AIM OF THE TASK
Filter the entries and keep only the lines where the string "moreover" appears.

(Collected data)
(* Let $g\in\mathbb{R}[\mathbf{x}]_d$ with coefficient vector $(g_0,\mathbf{g})\in\mathbb{R}\times\mathbb{R}^{s(d)-1}$ be such that $\int_{\mathbb{R}^n}|\mathbf{x}^\gamma|e^{-g(\mathbf{x})}d\mathbf{x}<\infty$ for all $\gamma\in\mathbb{N}^n$, and let $y_\gamma=\int_{\mathbb{R}^n}\mathbf{x}^\gamma e^{-g(\mathbf{x})}d\mathbf{x}$. Let $\mathbf{M}^d(\mathbf{y})$ be the $s(d)\times s(d)$ matrix with rows and columns indexed by $\alpha,\beta\in\mathbb{N}^n_d$ and entries $\mathbf{M}^d(\mathbf{y})(\alpha,\beta)=y_\alpha$ if $\beta=0$ and $\mathbf{M}^d(\mathbf{y})(\alpha,\beta)=\frac{|\beta|\,y_{\alpha+\beta}}{n+|\alpha|}$ if $\beta\neq0$. Then $\mathbf{v}=\mathbf{g}$ is the unique solution $\mathbf{v}\in\mathbb{R}^{s(d)-1}$ of $\mathbf{M}^d(\mathbf{y})\begin{bmatrix}-1\\ \mathbf{v}\end{bmatrix}=0$, and $$g_0=\ln\Big(\int_{\mathbb{R}^n}e^{-\tilde g(\mathbf{x})}d\mathbf{x}\Big)-\ln y_0,$$ where $\tilde g\in\mathbb{R}[\mathbf{x}]_d$ has coefficient vector $(0,\mathbf{g})$. In particular $g$ is determined by the moments $y_\gamma$, $|\gamma|\le 2d$.
   Context: $\mathbb{R}[\mathbf{x}]_d$: real polynomials in $n$ variables of degree $\le d$; $\mathbb{N}^n_d=\{\alpha\in\mathbb{N}^n:|\alpha|\le d\}$; $s(d)=\binom{n+d}{n}$; the coefficient vector of a polynomial is ordered with the constant coefficient (index $\beta=0$) first. *)

theory Defs
  imports "HOL-Analysis.Analysis"
begin

text \<open>Multi-indices on the variable index type 'n (so n = CARD('n)) are functions 'n => nat.\<close>

definition mdeg :: "('n::finite \<Rightarrow> nat) \<Rightarrow> nat" where
  "mdeg \<alpha> = (\<Sum>i\<in>UNIV. \<alpha> i)"

definition midx :: "nat \<Rightarrow> ('n::finite \<Rightarrow> nat) set" where
  "midx d = {\<alpha>. mdeg \<alpha> \<le> d}"

definition mzero :: "'n \<Rightarrow> nat" where
  "mzero = (\<lambda>_. 0)"

definition madd :: "('n \<Rightarrow> nat) \<Rightarrow> ('n \<Rightarrow> nat) \<Rightarrow> ('n \<Rightarrow> nat)" where
  "madd \<alpha> \<beta> = (\<lambda>i. \<alpha> i + \<beta> i)"

definition monomial :: "('n::finite \<Rightarrow> nat) \<Rightarrow> real ^ 'n \<Rightarrow> real" where
  "monomial \<gamma> x = (\<Prod>i\<in>UNIV. (x $ i) ^ (\<gamma> i))"

definition polyval :: "nat \<Rightarrow> (('n::finite \<Rightarrow> nat) \<Rightarrow> real) \<Rightarrow> real ^ 'n \<Rightarrow> real" where
  "polyval d c x = (\<Sum>\<alpha>\<in>midx d. c \<alpha> * monomial \<alpha> x)"

definition moment :: "nat \<Rightarrow> (('n::finite \<Rightarrow> nat) \<Rightarrow> real) \<Rightarrow> ('n \<Rightarrow> nat) \<Rightarrow> real" where
  "moment d c \<gamma> = integral\<^sup>L lborel (\<lambda>x. monomial \<gamma> x * exp (- polyval d c x))"

definition momentM :: "nat \<Rightarrow> (('n::finite \<Rightarrow> nat) \<Rightarrow> real) \<Rightarrow> ('n \<Rightarrow> nat) \<Rightarrow> ('n \<Rightarrow> nat) \<Rightarrow> real" where
  "momentM d y \<alpha> \<beta> =
     (if \<beta> = mzero then y \<alpha>
      else real (mdeg \<beta>) * y (madd \<alpha> \<beta>) / (real CARD('n) + real (mdeg \<alpha>)))"

definition extvec :: "(('n \<Rightarrow> nat) \<Rightarrow> real) \<Rightarrow> ('n \<Rightarrow> nat) \<Rightarrow> real" where
  "extvec v \<beta> = (if \<beta> = mzero then -1 else v \<beta>)"

definition moment_integrable :: "nat \<Rightarrow> (('n::finite \<Rightarrow> nat) \<Rightarrow> real) \<Rightarrow> bool" where
  "moment_integrable d c \<longleftrightarrow>
     (\<forall>\<gamma>. integrable lborel (\<lambda>x. monomial \<gamma> x * exp (- polyval d c x)))"

end

theory Submission
  imports Defs
begin

text \<open>
  The substitution x \<mapsto> t x shows
  that the integral of x^\<alpha> exp (- g (t x)) is t^(-(n + |\<alpha>|)) y_\<alpha>. Differentiating at t = 1 and
  using Euler's identity x \<bullet> grad g = \<Sum>_\<beta> |\<beta>| g_\<beta> x^\<beta> gives
  (n + |\<alpha>|) y_\<alpha> = \<Sum>_\<beta> |\<beta>| g_\<beta> y_(\<alpha>+\<beta>), i.e. [-1; g] lies in the kernel of M^d(y).
  If [-1; v] is another kernel vector, then w_\<beta> = |\<beta>| (v_\<beta> - g_\<beta>) satisfies
  \<Sum>_\<beta> w_\<beta> y_(\<alpha>+\<beta>) = 0 for all \<alpha>, so the integral of q^2 exp (- g) vanishes for the polynomial q
  with coefficients w; hence q = 0 and v agrees with g off the constant term. The constant term is
  then read off from y_0 = exp (- g_0) \<integral> exp (- (g - g_0)).
\<close>

section \<open>Multi-indices and monomials\<close>

lemma finite_midx: "finite (midx d :: ('n::finite \<Rightarrow> nat) set)"
proof (rule finite_subset)
  show "midx d \<subseteq> (PiE UNIV (\<lambda>_. {..d}) :: ('n \<Rightarrow> nat) set)"
  proof
    fix \<alpha> :: "'n \<Rightarrow> nat" assume "\<alpha> \<in> midx d"
    moreover have "\<alpha> i \<le> mdeg \<alpha>" for i
      unfolding mdeg_def by (rule member_le_sum) auto
    ultimately show "\<alpha> \<in> PiE UNIV (\<lambda>_. {..d})"
      by (auto simp: midx_def intro: le_trans)
  qed
qed (simp add: finite_PiE)

lemma mdeg_mzero [simp]: "mdeg (mzero :: 'n::finite \<Rightarrow> nat) = 0"
  by (simp add: mdeg_def mzero_def)

lemma mdeg_eq_0_iff: "mdeg (\<beta> :: 'n::finite \<Rightarrow> nat) = 0 \<longleftrightarrow> \<beta> = mzero"
  by (auto simp: mdeg_def mzero_def)

lemma mzero_in_midx [simp]: "(mzero :: 'n::finite \<Rightarrow> nat) \<in> midx d"
  by (simp add: midx_def)

lemma mdeg_madd: "mdeg (madd \<alpha> \<beta>) = mdeg \<alpha> + mdeg (\<beta> :: 'n::finite \<Rightarrow> nat)"
  by (simp add: mdeg_def madd_def sum.distrib)

lemma madd_in_midx_double:
  "\<alpha> \<in> midx d \<Longrightarrow> \<beta> \<in> midx d \<Longrightarrow> madd \<alpha> (\<beta> :: 'n::finite \<Rightarrow> nat) \<in> midx (2 * d)"
  by (simp add: midx_def mdeg_madd)

lemma midx_mono: "d \<le> k \<Longrightarrow> midx d \<subseteq> (midx k :: ('n::finite \<Rightarrow> nat) set)"
  by (auto simp: midx_def)

lemma monomial_mzero [simp]: "monomial mzero x = 1"
  by (simp add: monomial_def mzero_def)

lemma monomial_madd: "monomial (madd \<alpha> \<beta>) x = monomial \<alpha> x * monomial \<beta> x"
  by (simp add: monomial_def madd_def power_add prod.distrib)

lemma monomial_scaleR: "monomial \<alpha> (t *\<^sub>R x) = t ^ mdeg \<alpha> * monomial \<alpha> x"
  by (simp add: monomial_def mdeg_def power_mult_distrib prod.distrib power_sum)

lemma continuous_on_monomial [continuous_intros]: "continuous_on A (monomial \<alpha>)"
  unfolding monomial_def by (intro continuous_intros)

lemma continuous_on_polyval [continuous_intros]: "continuous_on A (polyval d c)"
  unfolding polyval_def by (intro continuous_intros)

lemma borel_measurable_monomial [measurable]: "monomial \<alpha> \<in> borel_measurable borel"
  by (intro borel_measurable_continuous_onI continuous_on_monomial)

lemma borel_measurable_polyval [measurable]: "polyval d c \<in> borel_measurable borel"
  by (intro borel_measurable_continuous_onI continuous_on_polyval)

section \<open>Integrals on Euclidean space\<close>

lemma lborel_integral_scaleR:
  fixes f :: "'a::euclidean_space \<Rightarrow> real"
  assumes "s \<noteq> 0" and [measurable]: "f \<in> borel_measurable borel"
  shows "integral\<^sup>L lborel f = \<bar>s\<bar> ^ DIM('a) * integral\<^sup>L lborel (\<lambda>x. f (s *\<^sub>R x))"
proof -
  have "integral\<^sup>L lborel f
      = integral\<^sup>L (density (distr lborel borel (\<lambda>x. 0 + s *\<^sub>R x)) (\<lambda>_. \<bar>s\<bar> ^ DIM('a))) f"
    by (simp only: lborel_affine[OF assms(1), of "0 :: 'a", symmetric])
  also have "\<dots> = integral\<^sup>L lborel (\<lambda>x. \<bar>s\<bar> ^ DIM('a) * f (s *\<^sub>R x))"
    by (subst integral_density) (auto simp: integral_distr)
  finally show ?thesis by simp
qed

lemma lborel_integrable_scaleR_iff:
  fixes f :: "'a::euclidean_space \<Rightarrow> real"
  assumes "s \<noteq> 0" and [measurable]: "f \<in> borel_measurable borel"
  shows "integrable lborel (\<lambda>x. f (s *\<^sub>R x)) \<longleftrightarrow> integrable lborel f"
proof -
  have "integrable lborel f
      \<longleftrightarrow> integrable (density (distr lborel borel (\<lambda>x. 0 + s *\<^sub>R x)) (\<lambda>_. \<bar>s\<bar> ^ DIM('a))) f"
    by (simp only: lborel_affine[OF assms(1), of "0 :: 'a", symmetric])
  then show ?thesis using assms(1) by (simp add: integrable_density integrable_distr_eq)
qed

lemma has_real_derivative_inverse_power:
  assumes "t \<noteq> 0" "0 < m"
  shows "((\<lambda>t. - (1 / (real m * t ^ m))) has_real_derivative 1 / t ^ Suc m) (at t)"
proof -
  have "((\<lambda>t. - (1 / (real m * t ^ m))) has_real_derivative
      real m * (real m * t ^ (m - 1)) / (real m * t ^ m)^2) (at t)"
    using assms by (auto intro!: derivative_eq_intros simp: power2_eq_square)
  moreover have "real m * (real m * t ^ (m - 1)) / (real m * t ^ m)^2 = 1 / t ^ Suc m"
    using assms by (cases m) (simp_all add: power2_eq_square)
  ultimately show ?thesis by simp
qed

lemma lborel_integral_inverse_power:
  assumes "0 < a" "a \<le> b" "0 < m"
  shows "(\<integral>t. indicator {a..b} t * (1 / t ^ Suc m) \<partial>lborel) = (1 / a ^ m - 1 / b ^ m) / real m"
proof -
  have "(\<integral>t. indicator {a..b} t *\<^sub>R (1 / t ^ Suc m) \<partial>lborel)
      = (\<lambda>t. - (1 / (real m * t ^ m))) b - (\<lambda>t. - (1 / (real m * t ^ m))) a"
  proof (rule integral_FTC_atLeastAtMost)
    fix t :: real assume "a \<le> t" "t \<le> b"
    with assms have "((\<lambda>t. - (1 / (real m * t ^ m))) has_real_derivative 1 / t ^ Suc m) (at t)"
      by (intro has_real_derivative_inverse_power) auto
    then show "((\<lambda>t. - (1 / (real m * t ^ m))) has_vector_derivative 1 / t ^ Suc m) (at t within {a..b})"
      by (simp add: has_real_derivative_iff_has_vector_derivative[symmetric] has_field_derivative_at_within)
  next
    show "continuous_on {a..b} (\<lambda>t. 1 / t ^ Suc m)"
      using assms by (intro continuous_intros) auto
  qed (fact assms)
  then show ?thesis using assms by (simp add: diff_divide_distrib mult.commute)
qed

WRITTEN ANSWER
    moreover have "\<alpha> i \<le> mdeg \<alpha>" for i
  moreover have "real m * (real m * t ^ (m - 1)) / (real m * t ^ m)^2 = 1 / t ^ Suc m"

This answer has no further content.